## EXERCISE INSTRUCTIONS:
The answer should be each line from the entries below that has the word "unfolding" in it.

'''

(* Assume the standing setup. For distinct $i,j\in[k]$, $x_{ij}=0$ if and only if $y_{ij}=0$. Equivalently, $s_j\cdot\alpha_i\neq\alpha_i$ if and only if $s_j\cdot\beta_i\neq\beta_i$, so the associated digraphs of $V_1$ and $V_2$ (vertex set $[k]$, arrow $i\to j$ iff $s_j$ does not fix the chosen reflection vector of $s_i$) coincide.
   Context: Standing setup: $\mathbb{F}$ is a field of characteristic $0$; $W$ is a group with finite generating set $S=\{s_1,\dots,s_k\}$. A linear map on a finite-dimensional space is a (generalized) reflection if it is diagonalizable and $s-\operatorname{Id}$ has rank $1$; a reflection vector is a nonzero vector in $\operatorname{Im}(s-\operatorname{Id})$. $(V_1,\rho_1)$, $(V_2,\rho_2)$ are irreducible reflection representations of $(W,S)$ (each $s_i$ acts by a reflection), both of dimension $n$. For each $i\in[k]$, $\alpha_i\in V_1$ is a chosen reflection vector of $s_i$ with $s_i\alpha_i=\lambda_i\alpha_i$ and $\beta_i\in V_2$ a chosen reflection vector of $s_i$ with $s_i\beta_i=\mu_i\beta_i$. $d$ is an integer with $1\le d\le n-1$, and $\psi:\bigwedge^dV_1\to\bigwedge^dV_2$ is an isomorphism of $W$-modules ($W$ acting diagonally). For distinct $a,b\in[k]$, the scalars $x_{ab},y_{ab}\in\mathbb{F}$ are defined by $s_b\cdot\alpha_a=\alpha_a+x_{ab}\alpha_b$ and $s_b\cdot\beta_a=\beta_a+y_{ab}\beta_b$. *)

theory Defs
  imports "Jordan_Normal_Form.DL_Rank" "Jordan_Normal_Form.DL_Submatrix"
    "HOL-Algebra.Generated_Groups"
begin

definition diagonalizable_mat :: "'a::field mat \<Rightarrow> bool" where
  "diagonalizable_mat A \<longleftrightarrow> (\<exists>D. similar_mat A D \<and> diagonal_mat D)"

definition is_reflection :: "nat \<Rightarrow> 'a::field mat \<Rightarrow> bool" where
  "is_reflection n A \<longleftrightarrow> A \<in> carrier_mat n n \<and> diagonalizable_mat A
     \<and> vec_space.rank n (A - 1\<^sub>m n) = 1"

definition reflection_vector :: "nat \<Rightarrow> 'a::field mat \<Rightarrow> 'a vec \<Rightarrow> bool" where
  "reflection_vector n A v \<longleftrightarrow> v \<noteq> 0\<^sub>v n \<and>
     (\<exists>u \<in> carrier_vec n. v = (A - 1\<^sub>m n) *\<^sub>v u)"

definition is_rep :: "('g, 'b) monoid_scheme \<Rightarrow> nat \<Rightarrow> ('g \<Rightarrow> 'a::field mat) \<Rightarrow> bool" where
  "is_rep W n \<rho> \<longleftrightarrow> (\<forall>g \<in> carrier W. \<rho> g \<in> carrier_mat n n)
     \<and> (\<forall>g \<in> carrier W. \<forall>h \<in> carrier W. \<rho> (g \<otimes>\<^bsub>W\<^esub> h) = \<rho> g * \<rho> h)
     \<and> \<rho> \<one>\<^bsub>W\<^esub> = 1\<^sub>m n"

definition invariant_subspace ::
  "('g, 'b) monoid_scheme \<Rightarrow> nat \<Rightarrow> ('g \<Rightarrow> 'a::field mat) \<Rightarrow> 'a vec set \<Rightarrow> bool" where
  "invariant_subspace W n \<rho> U \<longleftrightarrow> U \<subseteq> carrier_vec n \<and> 0\<^sub>v n \<in> U
     \<and> (\<forall>u \<in> U. \<forall>v \<in> U. u + v \<in> U) \<and> (\<forall>c. \<forall>u \<in> U. c \<cdot>\<^sub>v u \<in> U)
     \<and> (\<forall>g \<in> carrier W. \<forall>u \<in> U. \<rho> g *\<^sub>v u \<in> U)"

definition irreducible_rep :: "('g, 'b) monoid_scheme \<Rightarrow> nat \<Rightarrow> ('g \<Rightarrow> 'a::field mat) \<Rightarrow> bool" where
  "irreducible_rep W n \<rho> \<longleftrightarrow> is_rep W n \<rho> \<and> n > 0 \<and>
     (\<forall>U. invariant_subspace W n \<rho> U \<longrightarrow> U = {0\<^sub>v n} \<or> U = carrier_vec n)"

definition reflection_rep ::
  "('g, 'b) monoid_scheme \<Rightarrow> nat \<Rightarrow> (nat \<Rightarrow> 'g) \<Rightarrow> nat \<Rightarrow> ('g \<Rightarrow> 'a::field mat) \<Rightarrow> bool" where
  "reflection_rep W k s n \<rho> \<longleftrightarrow> is_rep W n \<rho> \<and> (\<forall>i<k. is_reflection n (\<rho> (s i)))"

text \<open>The d-th exterior power of F^n, in coordinates w.r.t. the basis
  e_I = e_{i_1} \<and> ... \<and> e_{i_d} (i_1 < ... < i_d), I a d-subset of {0..<n}:
  elements are coefficient functions supported on d-subsets.  A matrix A acts
  by its d-th compound matrix: the coefficient of e_I in A e_J is det A[I,J].\<close>

definition dsubsets :: "nat \<Rightarrow> nat \<Rightarrow> nat set set" where
  "dsubsets n d = {I. I \<subseteq> {..<n} \<and> card I = d}"

definition ext_space :: "nat \<Rightarrow> nat \<Rightarrow> (nat set \<Rightarrow> 'a::field) set" where
  "ext_space n d = {f. \<forall>I. I \<notin> dsubsets n d \<longrightarrow> f I = 0}"

definition ext_act :: "nat \<Rightarrow> nat \<Rightarrow> 'a::field mat \<Rightarrow> (nat set \<Rightarrow> 'a) \<Rightarrow> (nat set \<Rightarrow> 'a)" where
  "ext_act n d A f = (\<lambda>I. if I \<in> dsubsets n d
      then (\<Sum>J \<in> dsubsets n d. det (submatrix A I J) * f J) else 0)"

definition ext_iso ::
  "('g, 'b) monoid_scheme \<Rightarrow> nat \<Rightarrow> nat \<Rightarrow> ('g \<Rightarrow> 'a::field mat) \<Rightarrow> ('g \<Rightarrow> 'a mat)
     \<Rightarrow> ((nat set \<Rightarrow> 'a) \<Rightarrow> (nat set \<Rightarrow> 'a)) \<Rightarrow> bool" where
  "ext_iso W n d \<rho>1 \<rho>2 \<psi> \<longleftrightarrow>
     bij_betw \<psi> (ext_space n d) (ext_space n d)
     \<and> (\<forall>f \<in> ext_space n d. \<forall>h \<in> ext_space n d. \<psi> (\<lambda>I. f I + h I) = (\<lambda>I. \<psi> f I + \<psi> h I))
     \<and> (\<forall>c. \<forall>f \<in> ext_space n d. \<psi> (\<lambda>I. c * f I) = (\<lambda>I. c * \<psi> f I))
     \<and> (\<forall>g \<in> carrier W. \<forall>f \<in> ext_space n d.
          \<psi> (ext_act n d (\<rho>1 g) f) = ext_act n d (\<rho>2 g) (\<psi> f))"

end

theory Submission
  imports Defs "Jordan_Normal_Form.DL_Rank_Submatrix"
begin

(* For reflections A and B of F^n, consider whether the image of the d-th exterior power of
   A - 1 meets the fixed space of the d-th exterior power of B nontrivially.  An isomorphism
   of W-modules between the exterior powers preserves this property of the pair (s_i, s_j),
   so it suffices to show that it holds iff x_ij = 0.  Write A = 1 + a f^T and B = 1 + b h^T
   with f(a) <> 0 <> h(b); then x_ij = h(a).  The image of the exterior power of A - 1
   consists of products a /\ w.  If h(a) = 0, then a /\ v_2 /\ ... /\ v_d with all v_t in
   ker h is such a product and is fixed by B (this uses d < n).  If h(a) <> 0, take a basis
   consisting of a and a basis of ker h: elements of the image have coordinates only on
   basis d-vectors involving a, where the exterior power of B acts by the factor
   1 + h(b) <> 1, so no nonzero element of the image is fixed. *)

lemma finite_dsubsets: "finite (dsubsets n d)"
  unfolding dsubsets_def by (rule finite_subset[of _ "Pow {..<n}"]) auto

lemma dsubsetsD:
  assumes "I \<in> dsubsets n d"
  shows "I \<subseteq> {..<n}" "card I = d" "finite I"
  using assms finite_subset[of I "{..<n}"] unfolding dsubsets_def by auto

lemma card_less_dsubset: "I \<in> dsubsets n d \<Longrightarrow> card {i. i < n \<and> i \<in> I} = d"
proof -
  assume I: "I \<in> dsubsets n d"
  hence "{i. i < n \<and> i \<in> I} = I" using dsubsetsD(1) by blast
  thus ?thesis using dsubsetsD(2)[OF I] by simp
qed

lemma pick_in_dsubset: "I \<in> dsubsets n d \<Longrightarrow> i < d \<Longrightarrow> pick I i \<in> I"
  using pick_in_set dsubsetsD(2) by metis

lemma pick_dsubset_less: "I \<in> dsubsets n d \<Longrightarrow> i < d \<Longrightarrow> pick I i < n"
  using pick_in_dsubset dsubsetsD(1) by blast

lemma pick_inj_on: "inj_on (pick I) {..<card I}"
proof (rule linorder_inj_onI)
  fix i j assume "i < j" "j \<in> {..<card I}"
  thus "pick I i \<noteq> pick I j" using pick_mono_le[of j I i] by simp
qed linarith

lemma pick_dsubset_eq_iff:
  "I \<in> dsubsets n d \<Longrightarrow> i < d \<Longrightarrow> j < d \<Longrightarrow> pick I i = pick I j \<longleftrightarrow> i = j"
  using pick_inj_on[of I] dsubsetsD(2)[of I n d] unfolding inj_on_def by auto

lemma pick_image: "finite I \<Longrightarrow> pick I ` {..<card I} = I"
proof
  assume "finite I"
  show "I \<subseteq> pick I ` {..<card I}"
  proof
    fix i assume "i \<in> I"
    hence "card {a \<in> I. a < i} < card I"
      using \<open>finite I\<close> by (intro psubset_card_mono) auto
    thus "i \<in> pick I ` {..<card I}" using pick_card_in_set[OF \<open>i \<in> I\<close>] by force
  qed
qed (auto intro: pick_in_set)

lemma position_in_dsubset:
  assumes "I \<in> dsubsets n d" "i \<in> I"
  shows "card {a \<in> I. a < i} < d"
proof -
  have "{a \<in> I. a < i} \<subset> I" using assms(2) by auto
  thus ?thesis using psubset_card_mono dsubsetsD[OF assms(1)] by metis
qed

'''

## ANSWER BOX:
  unfolding dsubsets_def by (rule finite_subset[of _ "Pow {..<n}"]) auto
  using assms finite_subset[of I "{..<n}"] unfolding dsubsets_def by auto
  using pick_inj_on[of I] dsubsetsD(2)[of I n d] unfolding inj_on_def by auto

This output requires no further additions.